The UK Carbon Reduction Commitment: The Extension of Emissions Trading in the UK

Pursuant to enabling powers introduced under the Climate Change Act 2008, a new system of carbon dioxide emissions trading is set to be introduced into the UK as from 2010. The scheme, known as the Carbon Reduction Commitment ("CRC"), will apply to large non-energy intensive organisations. The scheme is one limb of the UK government's policy to cut carbon emissions by 80 percent by 2050 against the 1990 baseline.


On March 12, 2009, the Department of Energy and Climate Change launched a consultation on the Draft Order to Implement the CRC. As this is the third consultation on the CRC, it seems unlikely that the program will alter substantially from what has been proposed to date. Consultation on the Draft Order closed on June 4, 2009.


Who Must Participate?


Full trading participation will be required if (a) an organisation has at least one meter settled on the half hourly market; and (b) the total of their half hourly metered electricity consumption is greater than 6,000 megawatt hours ("MWh") per year during 2008 (about £500,000 per annum).

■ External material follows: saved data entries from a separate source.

(*
  Let load u = \<Sum>\<^sub>k \<rho>\<^sub>k G\<^sub>k(u). It is continuous and nonincreasing, and [w_l, w_u] is exactly
  its level set {load = 1}.

  If load w = 1, the constant w solves the workload equation, and \<theta>\<^sup>w satisfies the fluid
  equation with this constant workload: shifting by t splits the age integral describing \<theta>\<^sup>w
  into the customers older than t (the shifted initial state) and those that arrived during
  [0, t].

  Conversely, let \<theta> be invariant, w0 = w_\<theta>, and W its workload. W never exceeds w0, since
  otherwise arrivals would put mass above w0, where \<theta> has none. If load w0 < 1, W drains
  below w0 and stays there, so the mass \<theta> has just below w0 would never be replenished.
  Hence load w0 \<ge> 1, which forces W \<equiv> w0 and load w0 = 1. At any time T > w0 the fluid
  equation no longer involves the initial state, so \<theta> = \<theta>\<^sup>w\<^sup>0. A \<pi>-\<lambda> argument on rectangles
  identifies the explicit \<theta>\<^sup>w with the measure described in the statement.
*)

theory Submission
  imports Defs
begin

lemma measurable_fst_borel[measurable]: "fst \<in> borel_measurable (borel :: (real \<times> real) measure)"
  using measurable_fst[of "borel :: real measure" "borel :: real measure"] unfolding borel_prod .

lemma measurable_snd_borel[measurable]: "snd \<in> borel_measurable (borel :: (real \<times> real) measure)"
  using measurable_snd[of "borel :: real measure" "borel :: real measure"] unfolding borel_prod .

lemma sets_Times_borel:
  "A \<in> sets borel \<Longrightarrow> B \<in> sets borel \<Longrightarrow> A \<times> B \<in> sets (borel :: (real \<times> real) measure)"
  using pair_measureI[of A borel B borel] unfolding borel_prod .

lemma sets_Rp2: "Rp2 \<in> sets (borel :: (real \<times> real) measure)"
proof -
  have "{x \<in> space borel. 0 \<le> fst x \<and> 0 \<le> snd x} \<in> sets (borel :: (real \<times> real) measure)"
    by measurable
  then show ?thesis by (simp add: Rp2_def)
qed

lemma sets_Cset: "Cset \<in> sets (borel :: (real \<times> real) measure)"
proof -
  have "{x \<in> space borel. (0 \<le> fst x \<and> snd x = 0) \<or> (fst x = 0 \<and> 0 \<le> snd x)}
      \<in> sets (borel :: (real \<times> real) measure)"
    by measurable
  then show ?thesis by (simp add: Cset_def)
qed

lemma sets_shift:
  assumes "B \<in> sets (borel :: (real \<times> real) measure)"
  shows "shift B x \<in> sets borel"
proof -
  have "(\<lambda>y::real \<times> real. y - x) \<in> borel_measurable borel"
    by (intro borel_measurable_continuous_onI continuous_intros)
  from measurable_sets[OF this assms] show ?thesis by (simp add: shift_def vimage_def)
qed

lemma shift_subset_quadrant:
  assumes "B \<subseteq> Rp2"
  shows "shift B (t, t) \<subseteq> {t..} \<times> {t..}"
  using assms by (auto simp: shift_def Rp2_def)

lemma space_M2: "m \<in> M2 \<Longrightarrow> space m = UNIV"
  using sets_eq_imp_space_eq[of m borel] by (simp add: M2_def)
lemma continuous_on_flow_time: "continuous_on (- ker) flow_time"
proof -
  have "\<phi> \<omega> \<notin> \<real>\<^sub>\<ge>\<^sub>0" if "\<omega> \<notin> ker" for \<omega>
  proof
    assume "\<phi> \<omega> \<in> \<real>\<^sub>\<ge>\<^sub>0"
    then obtain r where "0 \<le> r" "\<phi> \<omega> = of_real r" by (rule nonneg_Reals_cases)
    with norm_\<phi>[of \<omega>] have "\<phi> \<omega> = 1" by simp
    with that show False by (simp add: ker_def)
  qed
  moreover have "continuous_on (- ker) \<phi>"
    using character_\<phi> by (auto simp: character_def intro: continuous_on_subset)
  ultimately show ?thesis
    unfolding flow_time_def
    by (intro continuous_on_compose2[OF continuous_on_Arg2pi_scaled]) auto
qed

lemma borel_measurable_flow_inverse:
  "(\<lambda>\<omega>. (flow_base \<omega>, flow_time \<omega>)) \<in> borel_measurable borel"
proof -
  have "continuous_on (- ker) (\<lambda>\<omega>. \<psi> (flow_time \<omega>))"
    using continuous_on_compose2[OF continuous_\<psi> continuous_on_flow_time] by simp
  then have "continuous_on (- ker) flow_base"
    unfolding flow_base_def by (intro continuous_on_group_diff continuous_on_id)
  moreover have "(\<lambda>\<omega>. (flow_base \<omega>, flow_time \<omega>)) = (\<lambda>\<omega>. if \<omega> \<in> ker then (\<omega>, 0) else (flow_base \<omega>, flow_time \<omega>))"
    by (auto simp: fun_eq_iff flow_time_ker flow_base_def zero)
  ultimately show ?thesis
    using closed_ker continuous_on_flow_time
    by (auto intro!: borel_measurable_continuous_on_if continuous_intros borel_closed)
qed

end

locale haar_flow = dense_character_flow +
  fixes \<mu>\<Omega> \<mu>\<Sigma> :: "'a measure"
  assumes haar_UNIV: "haar_prob UNIV \<mu>\<Omega>"
    and haar_kernel: "haar_prob {\<omega>. \<phi> \<omega> = 1} \<mu>\<Sigma>"
begin
text \<open>In a connected graph with at least two vertices every vertex lies on an
  edge; as each edge covers two vertices, there are at least n/2 edges.\<close>
lemma connected_card_le:
  assumes w: "wgraph V E ell" and c: "connected_graph V E" and two: "card V \<ge> 2"
  shows "card V \<le> 2 * card E"
proof -
  have fV: "finite V" using finite_vertices[OF w] .
  have cover: "V \<subseteq> \<Union>E"
  proof
    fix u assume u: "u \<in> V"
    have "card (V - {u}) \<ge> 1" using two u fV by simp
    then have "V - {u} \<noteq> {}" by (intro notI) simp
    then obtain v where v: "v \<in> V" "v \<noteq> u" by blast
    have "(u, v) \<in> {(x, y). {x, y} \<in> E}\<^sup>*" using c u v unfolding connected_graph_def by blast
    then show "u \<in> \<Union>E" using v(2) by (cases rule: converse_rtranclE) auto
  qed
  have card2: "card e = 2" if "e \<in> E" for e
    using edge_shape[OF w that] by auto
  have "finite (\<Union>E)" using finite_edges[OF w] card2 by (metis card.infinite finite_Union zero_neq_numeral)
  then have "card V \<le> card (\<Union>E)" using cover by (rule card_mono)
  also have "\<dots> \<le> sum card E" by (rule card_Union_le_sum_card)
  also have "\<dots> = 2 * card E" using card2 by simp
  finally show ?thesis .
qed

section \<open>A heavy matching\<close>

text \<open>The edges meeting a fixed edge {a,b} are incident to a or to b, so their
  total weight is at most the sum of the two degrees.\<close>
lemma weight_meeting_edge:
  assumes w: "wgraph V E ell" and D: "\<forall>u\<in>V. wdeg V E ell u \<le> D"
    and f: "f \<in> E" and F: "F \<subseteq> E"
  shows "(\<Sum>e\<in>{e\<in>F. e \<inter> f \<noteq> {}}. ell e) \<le> 2 * D"
proof -
  obtain a b where ab: "a \<in> V" "b \<in> V" "f = {a,b}" using edge_shape[OF w f] by blast
  define Ia where "Ia = {e\<in>E. a \<in> e}"
  define Ib where "Ib = {e\<in>E. b \<in> e}"
  have fin: "finite Ia" "finite Ib" using finite_edges[OF w] unfolding Ia_def Ib_def by auto
  have nn: "\<And>e. e \<in> E \<Longrightarrow> ell e \<ge> 0" using weight_nonneg[OF w] .
  have "(\<Sum>e\<in>{e\<in>F. e \<inter> f \<noteq> {}}. ell e) \<le> (\<Sum>e\<in>Ia \<union> Ib. ell e)"
    using fin F ab nn unfolding Ia_def Ib_def by (intro sum_mono2) auto
  also have "\<dots> = (\<Sum>e\<in>Ia. ell e) + (\<Sum>e\<in>Ib. ell e) - (\<Sum>e\<in>Ia \<inter> Ib. ell e)"
    using fin by (rule sum_Un)
  also have "\<dots> \<le> (\<Sum>e\<in>Ia. ell e) + (\<Sum>e\<in>Ib. ell e)"
    using nn unfolding Ia_def by (auto intro!: sum_nonneg)
  also have "\<dots> \<le> 2 * D"
  proof -
    have "wdeg V E ell a \<le> D" "wdeg V E ell b \<le> D" using D ab by auto
    then show ?thesis using wdeg_incident[OF w ab(1)] wdeg_incident[OF w ab(2)]
      unfolding Ia_def Ib_def by linarith
  qed
  finally show ?thesis .
qed

text \<open>A heaviest edge f pays for the squares of
  all edges meeting it (each is at most ell(f) times its weight); recurse on the
  edges disjoint from f.\<close>
lemma heavy_matching:
  assumes w: "wgraph V E ell" and D: "\<forall>u\<in>V. wdeg V E ell u \<le> D"
  shows "finite F \<Longrightarrow> F \<subseteq> E \<Longrightarrow>
    \<exists>M\<subseteq>F. disjoint M \<and> (\<Sum>e\<in>F. (ell e)^2) \<le> 2 * D * (\<Sum>e\<in>M. ell e)"
proof (induction F rule: finite_psubset_induct)
  case (psubset F)
  show ?case
  proof (cases "F = {}")
    case True then show ?thesis by (auto simp: disjoint_def)
  next
    case False
    have "Max (ell ` F) \<in> ell ` F" using False psubset.hyps by simp
    then obtain f where f: "f \<in> F" "ell f = Max (ell ` F)" by auto
    have heaviest: "\<And>e. e \<in> F \<Longrightarrow> ell e \<le> ell f" using f psubset.hyps by simp
    have nn: "\<And>e. e \<in> F \<Longrightarrow> ell e \<ge> 0" using weight_nonneg[OF w] psubset.prems by auto
    have fE: "f \<in> E" using f psubset.prems by auto
    define F' where "F' = {e\<in>F. e \<inter> f = {}}"
    have "f \<inter> f \<noteq> {}" using edge_shape[OF w fE] by auto
    then have smaller: "F' \<subset> F" using f unfolding F'_def by auto
    obtain M' where M': "M' \<subseteq> F'" "disjoint M'"
      "(\<Sum>e\<in>F'. (ell e)^2) \<le> 2 * D * (\<Sum>e\<in>M'. ell e)"
      using psubset.IH[OF smaller] smaller psubset.prems by blast
    have rest: "F - F' = {e\<in>F. e \<inter> f \<noteq> {}}" unfolding F'_def by auto
    have "(\<Sum>e\<in>F - F'. (ell e)^2) \<le> (\<Sum>e\<in>F - F'. ell f * ell e)"
      using heaviest nn by (intro sum_mono) (simp add: power2_eq_square mult_right_mono)
    also have "\<dots> = ell f * (\<Sum>e\<in>F - F'. ell e)" by (simp add: sum_distrib_left)
    also have "\<dots> \<le> ell f * (2 * D)"
      using weight_meeting_edge[OF w D fE psubset.prems] nn[OF f(1)] rest
      by (intro mult_left_mono) auto
    finally have near: "(\<Sum>e\<in>F - F'. (ell e)^2) \<le> 2 * D * ell f" by (simp add: algebra_simps)
    have "f \<notin> M'" using M'(1) \<open>f \<inter> f \<noteq> {}\<close> unfolding F'_def by auto
    moreover have "finite M'"
      using M'(1) smaller psubset.hyps by (meson finite_subset psubset_imp_subset)
    ultimately have "(\<Sum>e\<in>insert f M'. ell e) = ell f + (\<Sum>e\<in>M'. ell e)" by simp
    moreover have "(\<Sum>e\<in>F. (ell e)^2) = (\<Sum>e\<in>F - F'. (ell e)^2) + (\<Sum>e\<in>F'. (ell e)^2)"
      by (rule sum.subset_diff[OF psubset_imp_subset[OF smaller] psubset.hyps])
    ultimately have "(\<Sum>e\<in>F. (ell e)^2) \<le> 2 * D * (\<Sum>e\<in>insert f M'. ell e)"
      using near M'(3) by (simp add: distrib_left)
    moreover have "disjoint (insert f M')"
      using M'(1,2) unfolding F'_def disjoint_def by blast
    moreover have "insert f M' \<subseteq> F" using f M'(1) smaller by auto
    ultimately show ?thesis by blast
  qed
qed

The CRC will directly affect an estimated 5,000 private and public organisations, including companies that own and occupy large property portfolios such as hotels, retailers, banks and property companies. Governmental organisations, local authorities and hospital trusts will also be affected.  The government estimates a further 15,000 organisations on half hourly meters, but below the 6,000 MWh threshold, will also have to participate by providing information on their energy use, although they will not have to buy and sell allowances.




The CRC will not extend to emissions covered by Climate Change Agreements ("CCAs") or those dealt with under the EU Emissions Trading Scheme ("EU-ETS") which covers the CO2 emissions of energy-intensive sectors of industry including power stations, refineries, iron and steel plants, paper and cement. CCAs, like the EU-ETS, cover the energy-intensive sectors of industry.  These agreements enable companies to receive up to an 80 percent discount on the Climate Change Levy (which is a tax levied on those who supply energy to non-domestic consumers (subject to exceptions) and subsequently passed onto such consumers) in return for meeting carbon/energy-saving targets.  Emissions associated with transportation are also excluded from the CRC.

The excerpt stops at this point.